§ Task description
Tell how many lines in these records contain the string "open", with only the number as the reply.

[Records drawn from a dataset]
▽

(* (a) There is a unique action of the symmetric group $S_n$ on $\mathcal{X}$ by $\mathbf{k}$-algebra automorphisms such that $\sigma\cdot x_{i,j}=x_{\sigma(i),\sigma(j)}$ for all $\sigma\in S_n$ and all pairs $(i,j)$ of distinct elements of $[n]$. (b) The ideal $\mathcal{J}$ is invariant under this action, so the quotient $\mathbf{k}$-algebra $\mathcal{X}/\mathcal{J}$ inherits an action of $S_n$ by $\mathbf{k}$-algebra automorphisms.
   Context: Let $\mathbf{k}$ be a commutative ring, let $\beta,\alpha\in\mathbf{k}$, and let $n$ be a positive integer; $[n]=\{1,\dots,n\}$. Let $\mathcal{X}=\mathbf{k}[x_{i,j}\mid 1\le i<j\le n]$ be the polynomial ring in the indeterminates $x_{i,j}$, and $\mathcal{J}$ the ideal generated by all $x_{i,j}x_{j,k}-x_{i,k}(x_{i,j}+x_{j,k}+\beta)-\alpha$ for $1\le i<j<k\le n$. For $(i,j)\in[n]^2$ with $i>j$, define the element $x_{i,j}\in\mathcal{X}$ by $x_{i,j}=-\beta-x_{j,i}$ (so $x_{i,j}$ is defined for all pairs of distinct $i,j\in[n]$). $S_n$ is the group of permutations of $[n]$. *)

theory Defs
  imports "HOL-Library.Poly_Mapping" "HOL-Combinatorics.Permutations"
begin

text \<open>Multivariate polynomials over a commutative ring 'k in indeterminates indexed by pairs
  of naturals: a polynomial is a finitely supported map from monomials (finitely supported
  exponent vectors) to coefficients, with convolution product.\<close>

type_synonym 'k pX = "((nat \<times> nat) \<Rightarrow>\<^sub>0 nat) \<Rightarrow>\<^sub>0 'k"

definition Var :: "nat \<times> nat \<Rightarrow> 'k::comm_ring_1 pX" where
  "Var v = Poly_Mapping.single (Poly_Mapping.single v 1) 1"

definition Const :: "'k::comm_ring_1 \<Rightarrow> 'k pX" where
  "Const c = Poly_Mapping.single 0 c"

definition vars :: "'k::comm_ring_1 pX \<Rightarrow> (nat \<times> nat) set" where
  "vars p = (\<Union>m\<in>Poly_Mapping.keys p. Poly_Mapping.keys m)"

definition idx :: "nat \<Rightarrow> (nat \<times> nat) set" where
  "idx n = {(i, j). 1 \<le> i \<and> i < j \<and> j \<le> n}"

definition Xring :: "nat \<Rightarrow> 'k::comm_ring_1 pX set" where
  "Xring n = {p. vars p \<subseteq> idx n}"

definition xx :: "'k::comm_ring_1 \<Rightarrow> nat \<Rightarrow> nat \<Rightarrow> 'k pX" where
  "xx \<beta> i j = (if i < j then Var (i, j) else - Const \<beta> - Var (j, i))"

definition Jgen :: "'k::comm_ring_1 \<Rightarrow> 'k \<Rightarrow> nat \<Rightarrow> nat \<Rightarrow> nat \<Rightarrow> 'k pX" where
  "Jgen \<beta> \<alpha> i j k = Var (i, j) * Var (j, k)
     - Var (i, k) * (Var (i, j) + Var (j, k) + Const \<beta>) - Const \<alpha>"

inductive_set Jideal :: "nat \<Rightarrow> 'k::comm_ring_1 \<Rightarrow> 'k \<Rightarrow> 'k pX set"
  for n :: nat and \<beta> :: 'k and \<alpha> :: 'k where
  zero: "0 \<in> Jideal n \<beta> \<alpha>"
| step: "\<lbrakk>r \<in> Xring n; 1 \<le> i; i < j; j < k; k \<le> n; q \<in> Jideal n \<beta> \<alpha>\<rbrakk>
          \<Longrightarrow> r * Jgen \<beta> \<alpha> i j k + q \<in> Jideal n \<beta> \<alpha>"

definition alg_aut :: "nat \<Rightarrow> ('k::comm_ring_1 pX \<Rightarrow> 'k pX) \<Rightarrow> bool" where
  "alg_aut n f \<longleftrightarrow> bij_betw f (Xring n) (Xring n)
     \<and> f 1 = 1
     \<and> (\<forall>p\<in>Xring n. \<forall>q\<in>Xring n. f (p + q) = f p + f q)
     \<and> (\<forall>p\<in>Xring n. \<forall>q\<in>Xring n. f (p * q) = f p * f q)
     \<and> (\<forall>c. \<forall>p\<in>Xring n. f (Const c * p) = Const c * f p)"

definition is_Sn_action :: "nat \<Rightarrow> 'k::comm_ring_1 \<Rightarrow> ((nat \<Rightarrow> nat) \<Rightarrow> 'k pX \<Rightarrow> 'k pX) \<Rightarrow> bool" where
  "is_Sn_action n \<beta> \<phi> \<longleftrightarrow>
     (\<forall>\<sigma>. \<sigma> permutes {1..n} \<longrightarrow> alg_aut n (\<phi> \<sigma>))
   \<and> (\<forall>p\<in>Xring n. \<phi> id p = p)
   \<and> (\<forall>\<sigma> \<tau>. \<sigma> permutes {1..n} \<longrightarrow> \<tau> permutes {1..n} \<longrightarrow>
        (\<forall>p\<in>Xring n. \<phi> (\<sigma> \<circ> \<tau>) p = \<phi> \<sigma> (\<phi> \<tau> p)))
   \<and> (\<forall>\<sigma>. \<sigma> permutes {1..n} \<longrightarrow>
        (\<forall>i\<in>{1..n}. \<forall>j\<in>{1..n}. i \<noteq> j \<longrightarrow> \<phi> \<sigma> (xx \<beta> i j) = xx \<beta> (\<sigma> i) (\<sigma> j)))"
definition norm_subgaussian :: "'a measure \<Rightarrow> ('a \<Rightarrow> 'b::real_normed_vector) \<Rightarrow> bool" where
  "norm_subgaussian M X \<longleftrightarrow> (\<exists>t>0.
      (\<integral>\<^sup>+ \<omega>. ennreal (exp ((norm (X \<omega>))\<^sup>2 / t\<^sup>2)) \<partial>M) \<le> 2)"

definition gauss_dens :: "real \<Rightarrow> real ^ 'n \<Rightarrow> real" where
  "gauss_dens s y = (2 * pi * s) powr (- real CARD('n) / 2) * exp (- (norm y)\<^sup>2 / (2 * s))"

text \<open>Lebesgue density of the law p_t of the Ornstein--Uhlenbeck process
  dX_t = -X_t dt + sqrt 2 dB_t at time t > 0, started at X_0 = X.  Since
  X_t = e^{-t} X_0 + sqrt(1 - e^{-2t}) Z with Z ~ N(0,I_d) independent of X_0,
  its (continuous version of the) density is
  p_t(x) = E[ gauss_dens (1 - e^{-2t}) (x - e^{-t} X_0) ].\<close>
definition ou_density :: "'a measure \<Rightarrow> ('a \<Rightarrow> real ^ 'n) \<Rightarrow> real \<Rightarrow> real ^ 'n \<Rightarrow> real" where
  "ou_density M X t x = (\<integral> \<omega>. gauss_dens (1 - exp (-2 * t)) (x - exp (- t) *\<^sub>R X \<omega>) \<partial>M)"

end

theory Submission
  imports Defs
begin

text \<open>The law of \<open>X\<^sub>T\<close> is the Gaussian mixture \<open>p\<^sub>T(x) = E \<phi>\<^sub>s(x - a X)\<close> with \<open>a = e\<^sup>-\<^sup>T\<close> and
  \<open>s = 1 - a\<^sup>2\<close>. Differentiating under the integral gives Tweedie's formula
  \<open>\<partial>\<^sub>i log p\<^sub>T(x) = (a m\<^sub>i(x) - x\<^sub>i) / s\<close>, where \<open>m(x)\<close> is the mean of \<open>X\<close> under the posterior
  weights \<open>\<phi>\<^sub>s(x - a X)\<close>. Hence \<open>-x\<^sub>i - \<partial>\<^sub>i log p\<^sub>T(x) = (a\<^sup>2 x\<^sub>i - a m\<^sub>i(x)) / s\<close>, and everything reduces
  to \<open>|m(x)| \<le> 4 (1 + |x|) t\<close> for any \<open>t\<close> with \<open>E exp(|X|\<^sup>2/t\<^sup>2) \<le> 2\<close>, where \<open>a t\<close> is small. Jensen's
  inequality bounds the normalising mass \<open>E \<phi>\<^sub>s(x - a X)\<close> below by \<open>\<phi>\<^sub>s(0) exp(-2 (1 + |x|)\<^sup>2)\<close>; on the
  event \<open>|X| > 2 (1 + |x|) t\<close> the factor \<open>exp(2 (1 + |x|)\<^sup>2)\<close> is paid for by \<open>exp(|X|\<^sup>2/t\<^sup>2)\<close>, whose
  expectation is at most 2.\<close>

lemma has_real_derivative_integral:
  fixes f f' :: "real \<Rightarrow> 'a \<Rightarrow> real"
  assumes "finite_measure M"
    and meas: "\<And>h. f h \<in> borel_measurable M" and meas': "f' x \<in> borel_measurable M"
    and der: "\<And>h \<omega>. \<omega> \<in> space M \<Longrightarrow> ((\<lambda>h. f h \<omega>) has_real_derivative f' h \<omega>) (at h)"
    and bnd: "\<And>h \<omega>. \<omega> \<in> space M \<Longrightarrow> \<bar>f' h \<omega>\<bar> \<le> C"
    and int: "integrable M (f x)"
  shows "((\<lambda>h. \<integral>\<omega>. f h \<omega> \<partial>M) has_real_derivative (\<integral>\<omega>. f' x \<omega> \<partial>M)) (at x)"
proof -
  interpret finite_measure M by fact
  have lip: "\<bar>f b \<omega> - f a \<omega>\<bar> \<le> C * \<bar>b - a\<bar>" if "\<omega> \<in> space M" for a b \<omega>
    using field_differentiable_bound[of UNIV "\<lambda>h. f h \<omega>" "\<lambda>h. f' h \<omega>" C b a] der bnd that
    by (auto simp: has_field_derivative_at_within)
  have intf: "integrable M (f h)" for h
  proof (rule Bochner_Integration.integrable_bound)
    show "integrable M (\<lambda>\<omega>. \<bar>f x \<omega>\<bar> + C * \<bar>h - x\<bar>)"
      using int by auto
    show "AE \<omega> in M. norm (f h \<omega>) \<le> norm (\<bar>f x \<omega>\<bar> + C * \<bar>h - x\<bar>)"
    proof (rule AE_I2)
      fix \<omega> assume \<omega>: "\<omega> \<in> space M"
      then have "0 \<le> C" using bnd[OF \<omega>, of 0] by linarith
      then show "norm (f h \<omega>) \<le> norm (\<bar>f x \<omega>\<bar> + C * \<bar>h - x\<bar>)"
        using lip[OF \<omega>, of h x] by simp
    qed
  qed (rule meas)
  show ?thesis unfolding has_field_derivative_iff tendsto_at_iff_sequentially comp_def
  proof (intro allI impI)
    fix S :: "nat \<Rightarrow> real" assume S: "\<forall>n. S n \<in> UNIV - {x}" "S \<longlonglongrightarrow> x"
    have quot: "((\<integral>\<omega>. f (S n) \<omega> \<partial>M) - (\<integral>\<omega>. f x \<omega> \<partial>M)) / (S n - x)
        = (\<integral>\<omega>. (f (S n) \<omega> - f x \<omega>) / (S n - x) \<partial>M)" for n
      using intf by simp
    show "(\<lambda>n. ((\<integral>\<omega>. f (S n) \<omega> \<partial>M) - (\<integral>\<omega>. f x \<omega> \<partial>M)) / (S n - x)) \<longlonglongrightarrow> (\<integral>\<omega>. f' x \<omega> \<partial>M)"
      unfolding quot
    proof (rule integral_dominated_convergence[where w="\<lambda>_. C"])
      show "AE \<omega> in M. (\<lambda>n. (f (S n) \<omega> - f x \<omega>) / (S n - x)) \<longlonglongrightarrow> f' x \<omega>"
      proof (rule AE_I2)
        fix \<omega> assume "\<omega> \<in> space M"
        then have "((\<lambda>y. (f y \<omega> - f x \<omega>) / (y - x)) \<longlongrightarrow> f' x \<omega>) (at x)"
          using der unfolding has_field_derivative_iff by blast
        then show "(\<lambda>n. (f (S n) \<omega> - f x \<omega>) / (S n - x)) \<longlonglongrightarrow> f' x \<omega>"
          using S unfolding tendsto_at_iff_sequentially comp_def by blast
      qed
      show "AE \<omega> in M. norm ((f (S n) \<omega> - f x \<omega>) / (S n - x)) \<le> C" for n
        using S lip[of _ "S n" x] by (intro AE_I2) (auto simp: divide_le_eq abs_divide)
    qed (use meas meas' in auto)
  qed
qed

lemma norm_add_axis_squared:
  fixes v :: "real ^ 'n"
  shows "(norm (v + h *\<^sub>R axis i 1))\<^sup>2 = (norm v)\<^sup>2 + 2 * h * v $ i + h\<^sup>2"
  unfolding power2_norm_eq_inner
  by (simp add: inner_axis inner_axis' inner_commute power2_eq_square algebra_simps)

lemma gauss_dens_eq:
  fixes y :: "real ^ 'n"
  shows "gauss_dens s y = gauss_dens s (0 :: real ^ 'n) * exp (- (norm y)\<^sup>2 / (2 * s))"
  by (simp add: gauss_dens_def)

lemma gauss_dens_pos:
  fixes y :: "real ^ 'n"
  shows "0 < s \<Longrightarrow> 0 < gauss_dens s y"
  by (simp add: gauss_dens_def)

lemma gauss_dens_le:
  fixes y :: "real ^ 'n"
  shows "0 < s \<Longrightarrow> gauss_dens s y \<le> gauss_dens s (0 :: real ^ 'n)"
  by (subst gauss_dens_eq) (simp add: gauss_dens_def)

lemma borel_measurable_gauss_dens [measurable]: "gauss_dens s \<in> borel_measurable borel"
proof -
  have "(\<lambda>y::real ^ 'n. exp (- (norm y)\<^sup>2 / (2 * s))) \<in> borel_measurable borel"
    by measurable
  then show ?thesis
    unfolding gauss_dens_def by measurable
qed

lemma gauss_dens_axis_has_real_derivative:
  fixes v :: "real ^ 'n"
  assumes "0 < s"
  shows "((\<lambda>h. gauss_dens s (v + h *\<^sub>R axis i 1)) has_real_derivative
           - ((v $ i + h) / s) * gauss_dens s (v + h *\<^sub>R axis i 1)) (at h)"
proof -
  have "((\<lambda>h. - ((norm v)\<^sup>2 + 2 * h * v $ i + h\<^sup>2) / (2 * s)) has_real_derivative - ((v $ i + h) / s)) (at h)"
    using assms by (auto intro!: derivative_eq_intros simp: field_simps)
  from DERIV_cmult[OF DERIV_chain2[OF DERIV_exp this], of "gauss_dens s (0 :: real ^ 'n)"]
  show ?thesis
    by (subst (1 2) gauss_dens_eq) (simp add: norm_add_axis_squared algebra_simps)
qed

lemma abs_mult_exp_neg_square_le:
  fixes r N s :: real
  assumes "r\<^sup>2 \<le> N" "0 < s"
  shows "\<bar>r\<bar> * exp (- N / (2 * s)) \<le> 1 + 2 * s"
proof -
  define u where "u = r\<^sup>2 / (2 * s)"
  have "\<bar>r\<bar> \<le> 1 + r\<^sup>2"
    using sum_power2_ge_zero[of "\<bar>r\<bar> - 1" 0] by (simp add: power2_diff algebra_simps)
  moreover have "exp (- N / (2 * s)) \<le> exp (- u)"
    unfolding u_def using assms by (simp add: divide_right_mono)
  ultimately have "\<bar>r\<bar> * exp (- N / (2 * s)) \<le> (1 + r\<^sup>2) * exp (- u)"
    by (intro mult_mono) auto
  also have "\<dots> = exp (- u) + r\<^sup>2 * exp (- u)"
    by (simp add: algebra_simps)
  moreover have "r\<^sup>2 * exp (- u) \<le> 2 * s"
    using exp_ge_add_one_self[of u] assms unfolding u_def by (simp add: exp_minus field_simps)
  moreover have "exp (- u) \<le> 1"
    unfolding u_def using assms by simp
  ultimately show ?thesis by linarith
qed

△

§ Solved problem
9